[[ MATERIALS PROVIDED open ]]
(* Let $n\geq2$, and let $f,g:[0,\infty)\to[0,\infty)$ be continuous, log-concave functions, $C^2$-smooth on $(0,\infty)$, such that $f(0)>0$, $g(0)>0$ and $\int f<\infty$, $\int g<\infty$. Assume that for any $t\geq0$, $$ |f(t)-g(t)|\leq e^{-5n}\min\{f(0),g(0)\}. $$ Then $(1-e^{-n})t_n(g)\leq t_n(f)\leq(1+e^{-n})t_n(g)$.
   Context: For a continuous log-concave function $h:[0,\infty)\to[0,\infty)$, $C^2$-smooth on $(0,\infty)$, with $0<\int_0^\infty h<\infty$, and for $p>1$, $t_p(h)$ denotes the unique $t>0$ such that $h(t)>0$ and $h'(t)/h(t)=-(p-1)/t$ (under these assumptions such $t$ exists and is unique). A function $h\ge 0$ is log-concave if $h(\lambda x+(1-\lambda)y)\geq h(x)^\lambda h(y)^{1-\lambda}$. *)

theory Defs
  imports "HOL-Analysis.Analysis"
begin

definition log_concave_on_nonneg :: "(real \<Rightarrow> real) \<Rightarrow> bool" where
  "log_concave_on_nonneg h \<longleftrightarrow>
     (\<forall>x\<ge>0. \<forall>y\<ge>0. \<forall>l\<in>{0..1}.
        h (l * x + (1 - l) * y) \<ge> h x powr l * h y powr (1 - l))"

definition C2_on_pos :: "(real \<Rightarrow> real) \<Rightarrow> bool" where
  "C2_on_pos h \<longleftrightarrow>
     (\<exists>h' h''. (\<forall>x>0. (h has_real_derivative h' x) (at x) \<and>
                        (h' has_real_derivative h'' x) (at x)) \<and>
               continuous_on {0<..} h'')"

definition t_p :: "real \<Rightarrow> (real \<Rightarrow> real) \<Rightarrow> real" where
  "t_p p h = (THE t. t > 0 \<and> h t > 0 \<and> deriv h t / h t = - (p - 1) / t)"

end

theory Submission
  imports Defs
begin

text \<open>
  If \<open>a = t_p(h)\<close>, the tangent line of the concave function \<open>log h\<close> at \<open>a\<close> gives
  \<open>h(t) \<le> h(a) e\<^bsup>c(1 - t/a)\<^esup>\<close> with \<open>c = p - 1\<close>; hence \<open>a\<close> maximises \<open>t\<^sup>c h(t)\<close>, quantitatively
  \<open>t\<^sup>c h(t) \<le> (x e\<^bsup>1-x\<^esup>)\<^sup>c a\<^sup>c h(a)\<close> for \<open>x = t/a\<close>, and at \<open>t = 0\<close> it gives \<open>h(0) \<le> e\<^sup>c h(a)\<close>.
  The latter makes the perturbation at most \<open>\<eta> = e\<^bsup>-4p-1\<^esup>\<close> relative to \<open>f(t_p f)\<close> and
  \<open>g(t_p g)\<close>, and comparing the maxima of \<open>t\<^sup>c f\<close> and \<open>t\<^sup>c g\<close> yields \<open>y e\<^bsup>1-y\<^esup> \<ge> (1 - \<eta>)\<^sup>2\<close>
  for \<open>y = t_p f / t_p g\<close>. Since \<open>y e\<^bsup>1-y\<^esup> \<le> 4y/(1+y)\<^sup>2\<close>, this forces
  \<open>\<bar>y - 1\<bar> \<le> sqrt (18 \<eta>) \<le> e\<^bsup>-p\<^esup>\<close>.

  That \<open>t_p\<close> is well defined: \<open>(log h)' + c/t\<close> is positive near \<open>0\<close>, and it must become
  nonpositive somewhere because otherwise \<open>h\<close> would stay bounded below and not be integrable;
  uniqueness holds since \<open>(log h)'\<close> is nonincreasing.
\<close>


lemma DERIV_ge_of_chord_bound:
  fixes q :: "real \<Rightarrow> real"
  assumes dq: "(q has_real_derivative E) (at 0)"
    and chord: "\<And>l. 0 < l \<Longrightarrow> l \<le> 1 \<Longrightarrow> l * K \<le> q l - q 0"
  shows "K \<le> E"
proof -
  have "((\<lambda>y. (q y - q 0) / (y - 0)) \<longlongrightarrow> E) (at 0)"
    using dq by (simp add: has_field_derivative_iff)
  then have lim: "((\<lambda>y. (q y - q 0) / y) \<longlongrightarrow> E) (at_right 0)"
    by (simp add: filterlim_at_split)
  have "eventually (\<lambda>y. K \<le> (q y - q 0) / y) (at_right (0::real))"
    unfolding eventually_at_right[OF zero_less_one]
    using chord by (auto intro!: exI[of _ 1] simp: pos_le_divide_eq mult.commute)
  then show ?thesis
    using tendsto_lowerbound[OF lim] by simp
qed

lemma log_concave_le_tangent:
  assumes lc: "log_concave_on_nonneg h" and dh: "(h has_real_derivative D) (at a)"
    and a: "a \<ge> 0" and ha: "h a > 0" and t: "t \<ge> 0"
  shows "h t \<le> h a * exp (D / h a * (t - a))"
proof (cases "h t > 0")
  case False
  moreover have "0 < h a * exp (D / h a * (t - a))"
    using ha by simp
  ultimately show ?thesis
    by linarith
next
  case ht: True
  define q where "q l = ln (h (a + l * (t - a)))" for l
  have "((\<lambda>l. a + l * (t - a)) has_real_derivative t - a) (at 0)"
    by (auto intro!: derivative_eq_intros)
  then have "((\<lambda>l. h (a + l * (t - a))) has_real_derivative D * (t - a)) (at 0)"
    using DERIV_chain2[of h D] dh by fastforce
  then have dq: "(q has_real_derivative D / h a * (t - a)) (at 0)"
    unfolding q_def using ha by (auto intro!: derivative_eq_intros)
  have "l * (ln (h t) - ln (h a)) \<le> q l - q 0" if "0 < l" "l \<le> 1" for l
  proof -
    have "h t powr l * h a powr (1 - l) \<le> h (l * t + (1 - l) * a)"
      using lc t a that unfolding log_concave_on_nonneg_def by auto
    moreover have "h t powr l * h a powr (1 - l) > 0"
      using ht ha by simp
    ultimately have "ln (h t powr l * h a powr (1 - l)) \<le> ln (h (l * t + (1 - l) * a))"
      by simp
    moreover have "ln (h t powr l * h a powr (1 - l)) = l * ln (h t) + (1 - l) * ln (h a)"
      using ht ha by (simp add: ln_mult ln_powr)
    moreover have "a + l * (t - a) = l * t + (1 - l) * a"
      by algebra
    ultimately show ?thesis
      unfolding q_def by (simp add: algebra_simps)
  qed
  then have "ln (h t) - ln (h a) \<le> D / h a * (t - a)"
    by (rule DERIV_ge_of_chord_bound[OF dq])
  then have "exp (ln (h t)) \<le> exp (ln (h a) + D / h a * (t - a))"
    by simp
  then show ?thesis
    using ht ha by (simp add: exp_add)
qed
[[ MATERIALS PROVIDED closed ]]
WORK TO BE COMPLETED:
What you return should be the records above, repeated exactly.

RESPONSE AREA:
(* Let $n\geq2$, and let $f,g:[0,\infty)\to[0,\infty)$ be continuous, log-concave functions, $C^2$-smooth on $(0,\infty)$, such that $f(0)>0$, $g(0)>0$ and $\int f<\infty$, $\int g<\infty$. Assume that for any $t\geq0$, $$ |f(t)-g(t)|\leq e^{-5n}\min\{f(0),g(0)\}. $$ Then $(1-e^{-n})t_n(g)\leq t_n(f)\leq(1+e^{-n})t_n(g)$.
   Context: For a continuous log-concave function $h:[0,\infty)\to[0,\infty)$, $C^2$-smooth on $(0,\infty)$, with $0<\int_0^\infty h<\infty$, and for $p>1$, $t_p(h)$ denotes the unique $t>0$ such that $h(t)>0$ and $h'(t)/h(t)=-(p-1)/t$ (under these assumptions such $t$ exists and is unique). A function $h\ge 0$ is log-concave if $h(\lambda x+(1-\lambda)y)\geq h(x)^\lambda h(y)^{1-\lambda}$. *)

theory Defs
  imports "HOL-Analysis.Analysis"
begin

definition log_concave_on_nonneg :: "(real \<Rightarrow> real) \<Rightarrow> bool" where
  "log_concave_on_nonneg h \<longleftrightarrow>
     (\<forall>x\<ge>0. \<forall>y\<ge>0. \<forall>l\<in>{0..1}.
        h (l * x + (1 - l) * y) \<ge> h x powr l * h y powr (1 - l))"

definition C2_on_pos :: "(real \<Rightarrow> real) \<Rightarrow> bool" where
  "C2_on_pos h \<longleftrightarrow>
     (\<exists>h' h''. (\<forall>x>0. (h has_real_derivative h' x) (at x) \<and>
                        (h' has_real_derivative h'' x) (at x)) \<and>
               continuous_on {0<..} h'')"

definition t_p :: "real \<Rightarrow> (real \<Rightarrow> real) \<Rightarrow> real" where
  "t_p p h = (THE t. t > 0 \<and> h t > 0 \<and> deriv h t / h t = - (p - 1) / t)"

end

theory Submission
  imports Defs
begin

text \<open>
  If \<open>a = t_p(h)\<close>, the tangent line of the concave function \<open>log h\<close> at \<open>a\<close> gives
  \<open>h(t) \<le> h(a) e\<^bsup>c(1 - t/a)\<^esup>\<close> with \<open>c = p - 1\<close>; hence \<open>a\<close> maximises \<open>t\<^sup>c h(t)\<close>, quantitatively
  \<open>t\<^sup>c h(t) \<le> (x e\<^bsup>1-x\<^esup>)\<^sup>c a\<^sup>c h(a)\<close> for \<open>x = t/a\<close>, and at \<open>t = 0\<close> it gives \<open>h(0) \<le> e\<^sup>c h(a)\<close>.
  The latter makes the perturbation at most \<open>\<eta> = e\<^bsup>-4p-1\<^esup>\<close> relative to \<open>f(t_p f)\<close> and
  \<open>g(t_p g)\<close>, and comparing the maxima of \<open>t\<^sup>c f\<close> and \<open>t\<^sup>c g\<close> yields \<open>y e\<^bsup>1-y\<^esup> \<ge> (1 - \<eta>)\<^sup>2\<close>
  for \<open>y = t_p f / t_p g\<close>. Since \<open>y e\<^bsup>1-y\<^esup> \<le> 4y/(1+y)\<^sup>2\<close>, this forces
  \<open>\<bar>y - 1\<bar> \<le> sqrt (18 \<eta>) \<le> e\<^bsup>-p\<^esup>\<close>.

  That \<open>t_p\<close> is well defined: \<open>(log h)' + c/t\<close> is positive near \<open>0\<close>, and it must become
  nonpositive somewhere because otherwise \<open>h\<close> would stay bounded below and not be integrable;
  uniqueness holds since \<open>(log h)'\<close> is nonincreasing.
\<close>


lemma DERIV_ge_of_chord_bound:
  fixes q :: "real \<Rightarrow> real"
  assumes dq: "(q has_real_derivative E) (at 0)"
    and chord: "\<And>l. 0 < l \<Longrightarrow> l \<le> 1 \<Longrightarrow> l * K \<le> q l - q 0"
  shows "K \<le> E"
proof -
  have "((\<lambda>y. (q y - q 0) / (y - 0)) \<longlongrightarrow> E) (at 0)"
    using dq by (simp add: has_field_derivative_iff)
  then have lim: "((\<lambda>y. (q y - q 0) / y) \<longlongrightarrow> E) (at_right 0)"
    by (simp add: filterlim_at_split)
  have "eventually (\<lambda>y. K \<le> (q y - q 0) / y) (at_right (0::real))"
    unfolding eventually_at_right[OF zero_less_one]
    using chord by (auto intro!: exI[of _ 1] simp: pos_le_divide_eq mult.commute)
  then show ?thesis
    using tendsto_lowerbound[OF lim] by simp
qed

lemma log_concave_le_tangent:
  assumes lc: "log_concave_on_nonneg h" and dh: "(h has_real_derivative D) (at a)"
    and a: "a \<ge> 0" and ha: "h a > 0" and t: "t \<ge> 0"
  shows "h t \<le> h a * exp (D / h a * (t - a))"
proof (cases "h t > 0")
  case False
  moreover have "0 < h a * exp (D / h a * (t - a))"
    using ha by simp
  ultimately show ?thesis
    by linarith
next
  case ht: True
  define q where "q l = ln (h (a + l * (t - a)))" for l
  have "((\<lambda>l. a + l * (t - a)) has_real_derivative t - a) (at 0)"
    by (auto intro!: derivative_eq_intros)
  then have "((\<lambda>l. h (a + l * (t - a))) has_real_derivative D * (t - a)) (at 0)"
    using DERIV_chain2[of h D] dh by fastforce
  then have dq: "(q has_real_derivative D / h a * (t - a)) (at 0)"
    unfolding q_def using ha by (auto intro!: derivative_eq_intros)
  have "l * (ln (h t) - ln (h a)) \<le> q l - q 0" if "0 < l" "l \<le> 1" for l
  proof -
    have "h t powr l * h a powr (1 - l) \<le> h (l * t + (1 - l) * a)"
      using lc t a that unfolding log_concave_on_nonneg_def by auto
    moreover have "h t powr l * h a powr (1 - l) > 0"
      using ht ha by simp
    ultimately have "ln (h t powr l * h a powr (1 - l)) \<le> ln (h (l * t + (1 - l) * a))"
      by simp
    moreover have "ln (h t powr l * h a powr (1 - l)) = l * ln (h t) + (1 - l) * ln (h a)"
      using ht ha by (simp add: ln_mult ln_powr)
    moreover have "a + l * (t - a) = l * t + (1 - l) * a"
      by algebra
    ultimately show ?thesis
      unfolding q_def by (simp add: algebra_simps)
  qed
  then have "ln (h t) - ln (h a) \<le> D / h a * (t - a)"
    by (rule DERIV_ge_of_chord_bound[OF dq])
  then have "exp (ln (h t)) \<le> exp (ln (h a) + D / h a * (t - a))"
    by simp
  then show ?thesis
    using ht ha by (simp add: exp_add)
qed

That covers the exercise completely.